Data extracted from a collection:
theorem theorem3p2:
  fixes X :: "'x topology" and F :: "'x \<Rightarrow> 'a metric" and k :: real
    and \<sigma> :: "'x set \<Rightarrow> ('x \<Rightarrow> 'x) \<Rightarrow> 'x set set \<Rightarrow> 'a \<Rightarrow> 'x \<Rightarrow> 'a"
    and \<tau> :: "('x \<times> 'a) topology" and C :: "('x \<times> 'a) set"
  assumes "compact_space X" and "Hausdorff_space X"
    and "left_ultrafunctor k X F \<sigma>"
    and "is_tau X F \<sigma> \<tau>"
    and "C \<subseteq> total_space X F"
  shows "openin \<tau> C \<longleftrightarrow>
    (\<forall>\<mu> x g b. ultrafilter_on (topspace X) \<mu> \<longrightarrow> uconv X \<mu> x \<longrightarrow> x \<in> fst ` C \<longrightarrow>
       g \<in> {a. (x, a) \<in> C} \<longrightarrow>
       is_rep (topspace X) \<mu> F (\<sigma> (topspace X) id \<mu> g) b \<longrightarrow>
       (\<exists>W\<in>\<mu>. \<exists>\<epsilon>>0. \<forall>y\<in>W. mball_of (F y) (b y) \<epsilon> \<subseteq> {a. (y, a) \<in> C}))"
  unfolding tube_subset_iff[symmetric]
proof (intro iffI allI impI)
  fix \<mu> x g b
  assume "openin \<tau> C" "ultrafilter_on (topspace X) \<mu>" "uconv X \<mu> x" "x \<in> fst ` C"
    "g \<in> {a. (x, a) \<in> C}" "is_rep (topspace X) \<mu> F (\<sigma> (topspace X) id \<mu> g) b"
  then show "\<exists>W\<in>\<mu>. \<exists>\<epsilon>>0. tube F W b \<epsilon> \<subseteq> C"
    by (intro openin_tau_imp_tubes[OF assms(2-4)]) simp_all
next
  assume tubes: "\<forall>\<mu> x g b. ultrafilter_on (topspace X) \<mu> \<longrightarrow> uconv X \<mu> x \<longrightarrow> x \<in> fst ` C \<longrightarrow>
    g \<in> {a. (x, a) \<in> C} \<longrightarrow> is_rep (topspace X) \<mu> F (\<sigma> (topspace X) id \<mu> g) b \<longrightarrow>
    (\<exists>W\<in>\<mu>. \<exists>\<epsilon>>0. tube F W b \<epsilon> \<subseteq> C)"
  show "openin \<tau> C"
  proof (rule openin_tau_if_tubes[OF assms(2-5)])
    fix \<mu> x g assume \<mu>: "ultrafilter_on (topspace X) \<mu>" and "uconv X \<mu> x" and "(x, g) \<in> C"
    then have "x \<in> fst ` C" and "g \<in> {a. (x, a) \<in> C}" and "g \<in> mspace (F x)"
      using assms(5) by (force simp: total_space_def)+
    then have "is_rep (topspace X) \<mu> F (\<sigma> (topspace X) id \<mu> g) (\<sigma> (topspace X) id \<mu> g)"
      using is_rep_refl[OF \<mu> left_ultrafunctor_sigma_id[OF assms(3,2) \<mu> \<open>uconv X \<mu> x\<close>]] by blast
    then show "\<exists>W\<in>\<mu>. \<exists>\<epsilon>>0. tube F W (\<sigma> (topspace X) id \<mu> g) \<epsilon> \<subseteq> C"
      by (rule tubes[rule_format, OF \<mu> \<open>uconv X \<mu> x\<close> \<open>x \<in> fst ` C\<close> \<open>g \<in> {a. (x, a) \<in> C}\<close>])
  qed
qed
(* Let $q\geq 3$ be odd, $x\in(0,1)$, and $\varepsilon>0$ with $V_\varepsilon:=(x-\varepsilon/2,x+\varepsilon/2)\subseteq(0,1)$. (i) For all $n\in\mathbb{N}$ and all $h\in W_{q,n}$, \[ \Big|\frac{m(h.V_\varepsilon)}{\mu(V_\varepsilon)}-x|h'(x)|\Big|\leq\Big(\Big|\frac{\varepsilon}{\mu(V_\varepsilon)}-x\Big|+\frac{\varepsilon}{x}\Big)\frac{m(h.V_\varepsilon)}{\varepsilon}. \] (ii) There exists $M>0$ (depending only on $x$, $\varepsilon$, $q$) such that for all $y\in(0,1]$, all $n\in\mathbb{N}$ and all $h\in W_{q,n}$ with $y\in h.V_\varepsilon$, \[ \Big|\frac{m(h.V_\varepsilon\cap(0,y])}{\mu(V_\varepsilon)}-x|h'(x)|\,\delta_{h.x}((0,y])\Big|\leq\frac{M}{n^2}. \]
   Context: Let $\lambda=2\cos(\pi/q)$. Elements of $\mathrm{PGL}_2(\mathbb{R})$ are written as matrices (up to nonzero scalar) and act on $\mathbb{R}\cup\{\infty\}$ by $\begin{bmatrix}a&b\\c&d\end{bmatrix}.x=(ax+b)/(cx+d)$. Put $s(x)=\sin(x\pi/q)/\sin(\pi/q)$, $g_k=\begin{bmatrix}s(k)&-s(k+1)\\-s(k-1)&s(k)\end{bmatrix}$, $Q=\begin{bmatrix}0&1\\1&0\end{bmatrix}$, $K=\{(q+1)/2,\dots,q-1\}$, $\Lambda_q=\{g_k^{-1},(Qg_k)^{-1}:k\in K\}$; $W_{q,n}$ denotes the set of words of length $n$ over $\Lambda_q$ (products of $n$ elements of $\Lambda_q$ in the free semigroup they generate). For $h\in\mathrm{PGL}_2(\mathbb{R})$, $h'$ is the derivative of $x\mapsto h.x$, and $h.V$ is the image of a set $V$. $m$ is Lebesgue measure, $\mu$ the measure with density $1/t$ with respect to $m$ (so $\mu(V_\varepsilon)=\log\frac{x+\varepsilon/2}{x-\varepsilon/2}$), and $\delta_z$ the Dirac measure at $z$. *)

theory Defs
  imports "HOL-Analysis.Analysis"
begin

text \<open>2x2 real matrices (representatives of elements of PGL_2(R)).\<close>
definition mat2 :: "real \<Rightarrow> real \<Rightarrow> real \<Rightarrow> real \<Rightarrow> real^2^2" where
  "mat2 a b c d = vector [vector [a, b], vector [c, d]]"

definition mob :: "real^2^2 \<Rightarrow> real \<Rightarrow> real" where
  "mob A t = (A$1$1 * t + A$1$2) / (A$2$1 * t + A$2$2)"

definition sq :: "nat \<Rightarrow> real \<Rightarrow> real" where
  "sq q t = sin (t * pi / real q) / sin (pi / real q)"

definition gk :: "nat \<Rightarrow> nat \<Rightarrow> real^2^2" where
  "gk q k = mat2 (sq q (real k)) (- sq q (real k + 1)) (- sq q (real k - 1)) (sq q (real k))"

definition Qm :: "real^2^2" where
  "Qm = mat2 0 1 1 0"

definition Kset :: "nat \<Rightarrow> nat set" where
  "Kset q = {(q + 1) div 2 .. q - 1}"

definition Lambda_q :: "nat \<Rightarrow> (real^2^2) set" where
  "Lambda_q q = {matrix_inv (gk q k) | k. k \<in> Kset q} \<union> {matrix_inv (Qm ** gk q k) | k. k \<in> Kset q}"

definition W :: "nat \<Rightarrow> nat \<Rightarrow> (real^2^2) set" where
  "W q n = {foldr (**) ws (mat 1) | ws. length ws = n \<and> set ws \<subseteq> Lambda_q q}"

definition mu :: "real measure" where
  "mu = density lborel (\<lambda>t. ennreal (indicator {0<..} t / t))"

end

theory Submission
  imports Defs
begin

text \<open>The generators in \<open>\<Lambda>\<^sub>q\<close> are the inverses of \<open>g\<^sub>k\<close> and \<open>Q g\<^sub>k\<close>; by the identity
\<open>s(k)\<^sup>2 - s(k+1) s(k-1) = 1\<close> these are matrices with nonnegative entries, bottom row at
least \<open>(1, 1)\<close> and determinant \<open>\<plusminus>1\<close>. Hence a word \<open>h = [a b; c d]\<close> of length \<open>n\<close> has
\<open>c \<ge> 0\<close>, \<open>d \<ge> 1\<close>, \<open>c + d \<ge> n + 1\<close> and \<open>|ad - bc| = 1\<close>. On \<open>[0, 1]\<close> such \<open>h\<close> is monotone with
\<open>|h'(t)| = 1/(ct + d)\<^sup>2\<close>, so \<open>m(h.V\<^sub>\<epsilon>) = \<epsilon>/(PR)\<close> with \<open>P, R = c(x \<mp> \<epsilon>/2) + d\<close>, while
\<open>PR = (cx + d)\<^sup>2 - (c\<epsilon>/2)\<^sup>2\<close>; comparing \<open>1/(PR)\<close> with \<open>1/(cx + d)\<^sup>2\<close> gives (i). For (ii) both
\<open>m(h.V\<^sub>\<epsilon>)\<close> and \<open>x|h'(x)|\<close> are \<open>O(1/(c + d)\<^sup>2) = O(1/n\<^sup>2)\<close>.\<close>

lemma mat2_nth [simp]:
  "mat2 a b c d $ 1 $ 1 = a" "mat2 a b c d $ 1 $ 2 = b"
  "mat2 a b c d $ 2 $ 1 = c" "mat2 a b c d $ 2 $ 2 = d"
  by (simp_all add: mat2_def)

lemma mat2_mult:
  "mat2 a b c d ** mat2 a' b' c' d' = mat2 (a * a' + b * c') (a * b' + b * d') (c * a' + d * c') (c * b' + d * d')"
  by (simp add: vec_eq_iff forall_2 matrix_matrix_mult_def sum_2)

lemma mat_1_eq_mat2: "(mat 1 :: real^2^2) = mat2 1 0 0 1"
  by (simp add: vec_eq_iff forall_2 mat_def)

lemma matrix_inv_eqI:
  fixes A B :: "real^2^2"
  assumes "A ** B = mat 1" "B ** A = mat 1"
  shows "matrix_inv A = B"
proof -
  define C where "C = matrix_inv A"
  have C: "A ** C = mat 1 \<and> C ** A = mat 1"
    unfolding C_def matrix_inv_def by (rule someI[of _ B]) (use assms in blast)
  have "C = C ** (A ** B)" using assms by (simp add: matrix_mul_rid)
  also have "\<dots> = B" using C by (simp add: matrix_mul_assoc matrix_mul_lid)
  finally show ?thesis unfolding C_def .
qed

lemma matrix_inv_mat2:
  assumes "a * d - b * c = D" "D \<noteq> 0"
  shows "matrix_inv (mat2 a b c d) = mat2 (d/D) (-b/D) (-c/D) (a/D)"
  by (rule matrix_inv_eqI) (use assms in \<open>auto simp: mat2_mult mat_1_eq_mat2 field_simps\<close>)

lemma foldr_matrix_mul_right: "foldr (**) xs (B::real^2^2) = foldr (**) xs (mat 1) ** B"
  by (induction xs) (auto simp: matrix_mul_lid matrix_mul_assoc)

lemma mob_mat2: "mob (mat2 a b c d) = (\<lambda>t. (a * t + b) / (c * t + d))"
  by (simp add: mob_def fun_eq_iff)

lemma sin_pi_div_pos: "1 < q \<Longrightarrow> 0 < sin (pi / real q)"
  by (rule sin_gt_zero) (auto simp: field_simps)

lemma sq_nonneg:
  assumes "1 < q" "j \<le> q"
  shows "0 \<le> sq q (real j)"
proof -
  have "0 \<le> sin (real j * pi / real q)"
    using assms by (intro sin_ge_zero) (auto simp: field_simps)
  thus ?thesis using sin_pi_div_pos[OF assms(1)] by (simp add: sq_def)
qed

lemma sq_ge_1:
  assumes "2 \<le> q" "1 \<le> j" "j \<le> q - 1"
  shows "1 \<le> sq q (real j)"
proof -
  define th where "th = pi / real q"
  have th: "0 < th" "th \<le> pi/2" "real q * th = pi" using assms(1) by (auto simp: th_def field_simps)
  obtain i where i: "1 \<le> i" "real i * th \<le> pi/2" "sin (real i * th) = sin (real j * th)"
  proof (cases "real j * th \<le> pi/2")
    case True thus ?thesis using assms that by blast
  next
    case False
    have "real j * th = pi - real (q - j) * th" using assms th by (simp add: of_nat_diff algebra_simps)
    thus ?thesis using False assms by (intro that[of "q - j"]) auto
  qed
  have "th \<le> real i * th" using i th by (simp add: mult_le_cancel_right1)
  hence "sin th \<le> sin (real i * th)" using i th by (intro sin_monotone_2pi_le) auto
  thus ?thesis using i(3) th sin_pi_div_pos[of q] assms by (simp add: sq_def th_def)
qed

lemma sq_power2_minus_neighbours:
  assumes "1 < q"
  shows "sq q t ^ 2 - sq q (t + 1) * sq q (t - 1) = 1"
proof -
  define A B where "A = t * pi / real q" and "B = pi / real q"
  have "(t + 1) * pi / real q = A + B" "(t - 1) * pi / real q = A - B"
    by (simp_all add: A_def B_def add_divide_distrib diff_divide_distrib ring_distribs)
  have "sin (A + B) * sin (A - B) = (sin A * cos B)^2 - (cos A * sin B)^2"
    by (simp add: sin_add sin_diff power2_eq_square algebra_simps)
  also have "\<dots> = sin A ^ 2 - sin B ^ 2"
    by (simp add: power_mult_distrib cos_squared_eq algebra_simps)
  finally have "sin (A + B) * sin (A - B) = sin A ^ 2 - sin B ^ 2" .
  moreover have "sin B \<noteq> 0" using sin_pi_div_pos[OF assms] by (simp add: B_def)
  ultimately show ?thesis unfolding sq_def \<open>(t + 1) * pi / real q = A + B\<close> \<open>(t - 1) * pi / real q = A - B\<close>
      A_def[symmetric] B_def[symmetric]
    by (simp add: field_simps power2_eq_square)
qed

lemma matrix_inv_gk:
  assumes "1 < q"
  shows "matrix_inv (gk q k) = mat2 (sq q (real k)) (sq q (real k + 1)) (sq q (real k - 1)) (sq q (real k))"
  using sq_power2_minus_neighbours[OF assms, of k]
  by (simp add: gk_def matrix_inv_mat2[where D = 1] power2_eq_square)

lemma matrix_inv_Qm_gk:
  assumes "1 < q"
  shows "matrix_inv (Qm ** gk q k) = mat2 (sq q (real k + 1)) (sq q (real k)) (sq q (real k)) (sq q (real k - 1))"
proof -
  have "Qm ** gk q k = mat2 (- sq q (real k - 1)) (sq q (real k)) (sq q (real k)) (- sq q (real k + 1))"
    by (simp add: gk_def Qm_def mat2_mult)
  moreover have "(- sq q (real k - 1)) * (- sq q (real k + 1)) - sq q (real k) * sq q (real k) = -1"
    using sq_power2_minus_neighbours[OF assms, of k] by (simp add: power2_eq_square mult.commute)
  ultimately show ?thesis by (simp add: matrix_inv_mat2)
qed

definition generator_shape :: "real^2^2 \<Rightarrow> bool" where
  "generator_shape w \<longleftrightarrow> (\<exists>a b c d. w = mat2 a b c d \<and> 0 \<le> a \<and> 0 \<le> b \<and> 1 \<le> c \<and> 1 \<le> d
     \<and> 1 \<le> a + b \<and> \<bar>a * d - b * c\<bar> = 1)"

Task brief: Of the entries listed above, reproduce only the lines starting at the line containing "by (simp add: sin_add" and ending at the line containing "(A - B) = sin". Include both, exactly as they stand.

Solution below:
    by (simp add: sin_add sin_diff power2_eq_square algebra_simps)
  also have "\<dots> = sin A ^ 2 - sin B ^ 2"
    by (simp add: power_mult_distrib cos_squared_eq algebra_simps)
  finally have "sin (A + B) * sin (A - B) = sin A ^ 2 - sin B ^ 2" .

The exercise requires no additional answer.